Stored data entries
=====
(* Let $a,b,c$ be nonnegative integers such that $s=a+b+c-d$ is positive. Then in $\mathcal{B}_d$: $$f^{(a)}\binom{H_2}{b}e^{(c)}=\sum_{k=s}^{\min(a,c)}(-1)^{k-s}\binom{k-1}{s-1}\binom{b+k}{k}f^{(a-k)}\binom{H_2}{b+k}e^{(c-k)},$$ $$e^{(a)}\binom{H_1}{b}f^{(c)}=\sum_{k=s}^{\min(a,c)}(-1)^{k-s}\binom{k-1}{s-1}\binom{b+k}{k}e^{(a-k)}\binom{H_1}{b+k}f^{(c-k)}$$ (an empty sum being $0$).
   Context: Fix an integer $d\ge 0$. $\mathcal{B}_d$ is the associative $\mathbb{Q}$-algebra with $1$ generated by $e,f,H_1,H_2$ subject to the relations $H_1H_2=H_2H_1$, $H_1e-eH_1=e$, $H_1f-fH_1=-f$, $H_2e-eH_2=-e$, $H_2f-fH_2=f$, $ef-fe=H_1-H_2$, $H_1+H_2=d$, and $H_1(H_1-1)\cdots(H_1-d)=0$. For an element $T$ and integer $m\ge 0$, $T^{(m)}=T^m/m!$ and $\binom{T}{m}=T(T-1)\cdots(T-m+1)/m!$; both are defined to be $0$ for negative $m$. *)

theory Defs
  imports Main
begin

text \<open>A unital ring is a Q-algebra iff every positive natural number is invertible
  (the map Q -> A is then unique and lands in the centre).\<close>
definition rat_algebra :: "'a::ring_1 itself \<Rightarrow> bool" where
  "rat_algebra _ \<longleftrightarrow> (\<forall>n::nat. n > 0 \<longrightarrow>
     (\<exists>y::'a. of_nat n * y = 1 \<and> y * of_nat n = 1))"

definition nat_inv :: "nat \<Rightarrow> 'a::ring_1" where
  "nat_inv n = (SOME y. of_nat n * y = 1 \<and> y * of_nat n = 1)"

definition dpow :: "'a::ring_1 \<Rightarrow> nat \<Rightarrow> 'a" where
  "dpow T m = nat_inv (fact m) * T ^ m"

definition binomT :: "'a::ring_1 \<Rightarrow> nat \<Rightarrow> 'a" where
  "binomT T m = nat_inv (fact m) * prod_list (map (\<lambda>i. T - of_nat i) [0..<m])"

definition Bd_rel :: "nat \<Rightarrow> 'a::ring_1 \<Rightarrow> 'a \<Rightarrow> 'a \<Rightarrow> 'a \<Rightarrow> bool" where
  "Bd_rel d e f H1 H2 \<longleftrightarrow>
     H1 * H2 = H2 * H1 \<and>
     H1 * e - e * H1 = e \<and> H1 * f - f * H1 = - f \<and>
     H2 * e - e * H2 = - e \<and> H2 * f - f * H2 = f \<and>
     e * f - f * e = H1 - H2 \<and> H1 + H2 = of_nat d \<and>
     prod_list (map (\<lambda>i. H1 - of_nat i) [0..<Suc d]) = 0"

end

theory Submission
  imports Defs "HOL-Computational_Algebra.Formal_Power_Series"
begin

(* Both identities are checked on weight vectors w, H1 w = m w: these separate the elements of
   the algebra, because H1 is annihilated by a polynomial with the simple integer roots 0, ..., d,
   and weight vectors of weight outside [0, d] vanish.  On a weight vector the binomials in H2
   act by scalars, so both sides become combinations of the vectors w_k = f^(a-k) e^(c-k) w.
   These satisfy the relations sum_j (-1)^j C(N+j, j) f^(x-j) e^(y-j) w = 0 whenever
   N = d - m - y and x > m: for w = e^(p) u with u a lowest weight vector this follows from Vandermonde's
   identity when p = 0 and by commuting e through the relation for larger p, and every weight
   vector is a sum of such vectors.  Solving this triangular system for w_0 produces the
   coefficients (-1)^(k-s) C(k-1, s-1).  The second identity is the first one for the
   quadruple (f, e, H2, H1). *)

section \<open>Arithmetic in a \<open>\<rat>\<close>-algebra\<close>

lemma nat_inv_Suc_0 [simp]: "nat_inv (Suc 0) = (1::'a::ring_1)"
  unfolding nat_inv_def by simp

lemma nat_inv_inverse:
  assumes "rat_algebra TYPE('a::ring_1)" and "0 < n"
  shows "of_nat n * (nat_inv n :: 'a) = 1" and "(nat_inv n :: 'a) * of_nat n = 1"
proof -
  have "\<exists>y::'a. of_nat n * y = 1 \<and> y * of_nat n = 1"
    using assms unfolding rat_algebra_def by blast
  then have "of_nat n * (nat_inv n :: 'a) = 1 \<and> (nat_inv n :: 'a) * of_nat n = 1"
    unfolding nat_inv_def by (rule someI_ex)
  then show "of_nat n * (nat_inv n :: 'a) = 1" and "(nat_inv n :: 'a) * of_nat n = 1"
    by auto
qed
=====
** Prompt **
All of the data above needs to be transcribed verbatim.

** Reply to the exercise **
(* Let $a,b,c$ be nonnegative integers such that $s=a+b+c-d$ is positive. Then in $\mathcal{B}_d$: $$f^{(a)}\binom{H_2}{b}e^{(c)}=\sum_{k=s}^{\min(a,c)}(-1)^{k-s}\binom{k-1}{s-1}\binom{b+k}{k}f^{(a-k)}\binom{H_2}{b+k}e^{(c-k)},$$ $$e^{(a)}\binom{H_1}{b}f^{(c)}=\sum_{k=s}^{\min(a,c)}(-1)^{k-s}\binom{k-1}{s-1}\binom{b+k}{k}e^{(a-k)}\binom{H_1}{b+k}f^{(c-k)}$$ (an empty sum being $0$).
   Context: Fix an integer $d\ge 0$. $\mathcal{B}_d$ is the associative $\mathbb{Q}$-algebra with $1$ generated by $e,f,H_1,H_2$ subject to the relations $H_1H_2=H_2H_1$, $H_1e-eH_1=e$, $H_1f-fH_1=-f$, $H_2e-eH_2=-e$, $H_2f-fH_2=f$, $ef-fe=H_1-H_2$, $H_1+H_2=d$, and $H_1(H_1-1)\cdots(H_1-d)=0$. For an element $T$ and integer $m\ge 0$, $T^{(m)}=T^m/m!$ and $\binom{T}{m}=T(T-1)\cdots(T-m+1)/m!$; both are defined to be $0$ for negative $m$. *)

theory Defs
  imports Main
begin

text \<open>A unital ring is a Q-algebra iff every positive natural number is invertible
  (the map Q -> A is then unique and lands in the centre).\<close>
definition rat_algebra :: "'a::ring_1 itself \<Rightarrow> bool" where
  "rat_algebra _ \<longleftrightarrow> (\<forall>n::nat. n > 0 \<longrightarrow>
     (\<exists>y::'a. of_nat n * y = 1 \<and> y * of_nat n = 1))"

definition nat_inv :: "nat \<Rightarrow> 'a::ring_1" where
  "nat_inv n = (SOME y. of_nat n * y = 1 \<and> y * of_nat n = 1)"

definition dpow :: "'a::ring_1 \<Rightarrow> nat \<Rightarrow> 'a" where
  "dpow T m = nat_inv (fact m) * T ^ m"

definition binomT :: "'a::ring_1 \<Rightarrow> nat \<Rightarrow> 'a" where
  "binomT T m = nat_inv (fact m) * prod_list (map (\<lambda>i. T - of_nat i) [0..<m])"

definition Bd_rel :: "nat \<Rightarrow> 'a::ring_1 \<Rightarrow> 'a \<Rightarrow> 'a \<Rightarrow> 'a \<Rightarrow> bool" where
  "Bd_rel d e f H1 H2 \<longleftrightarrow>
     H1 * H2 = H2 * H1 \<and>
     H1 * e - e * H1 = e \<and> H1 * f - f * H1 = - f \<and>
     H2 * e - e * H2 = - e \<and> H2 * f - f * H2 = f \<and>
     e * f - f * e = H1 - H2 \<and> H1 + H2 = of_nat d \<and>
     prod_list (map (\<lambda>i. H1 - of_nat i) [0..<Suc d]) = 0"

end

theory Submission
  imports Defs "HOL-Computational_Algebra.Formal_Power_Series"
begin

(* Both identities are checked on weight vectors w, H1 w = m w: these separate the elements of
   the algebra, because H1 is annihilated by a polynomial with the simple integer roots 0, ..., d,
   and weight vectors of weight outside [0, d] vanish.  On a weight vector the binomials in H2
   act by scalars, so both sides become combinations of the vectors w_k = f^(a-k) e^(c-k) w.
   These satisfy the relations sum_j (-1)^j C(N+j, j) f^(x-j) e^(y-j) w = 0 whenever
   N = d - m - y and x > m: for w = e^(p) u with u a lowest weight vector this follows from Vandermonde's
   identity when p = 0 and by commuting e through the relation for larger p, and every weight
   vector is a sum of such vectors.  Solving this triangular system for w_0 produces the
   coefficients (-1)^(k-s) C(k-1, s-1).  The second identity is the first one for the
   quadruple (f, e, H2, H1). *)

section \<open>Arithmetic in a \<open>\<rat>\<close>-algebra\<close>

lemma nat_inv_Suc_0 [simp]: "nat_inv (Suc 0) = (1::'a::ring_1)"
  unfolding nat_inv_def by simp

lemma nat_inv_inverse:
  assumes "rat_algebra TYPE('a::ring_1)" and "0 < n"
  shows "of_nat n * (nat_inv n :: 'a) = 1" and "(nat_inv n :: 'a) * of_nat n = 1"
proof -
  have "\<exists>y::'a. of_nat n * y = 1 \<and> y * of_nat n = 1"
    using assms unfolding rat_algebra_def by blast
  then have "of_nat n * (nat_inv n :: 'a) = 1 \<and> (nat_inv n :: 'a) * of_nat n = 1"
    unfolding nat_inv_def by (rule someI_ex)
  then show "of_nat n * (nat_inv n :: 'a) = 1" and "(nat_inv n :: 'a) * of_nat n = 1"
    by auto
qed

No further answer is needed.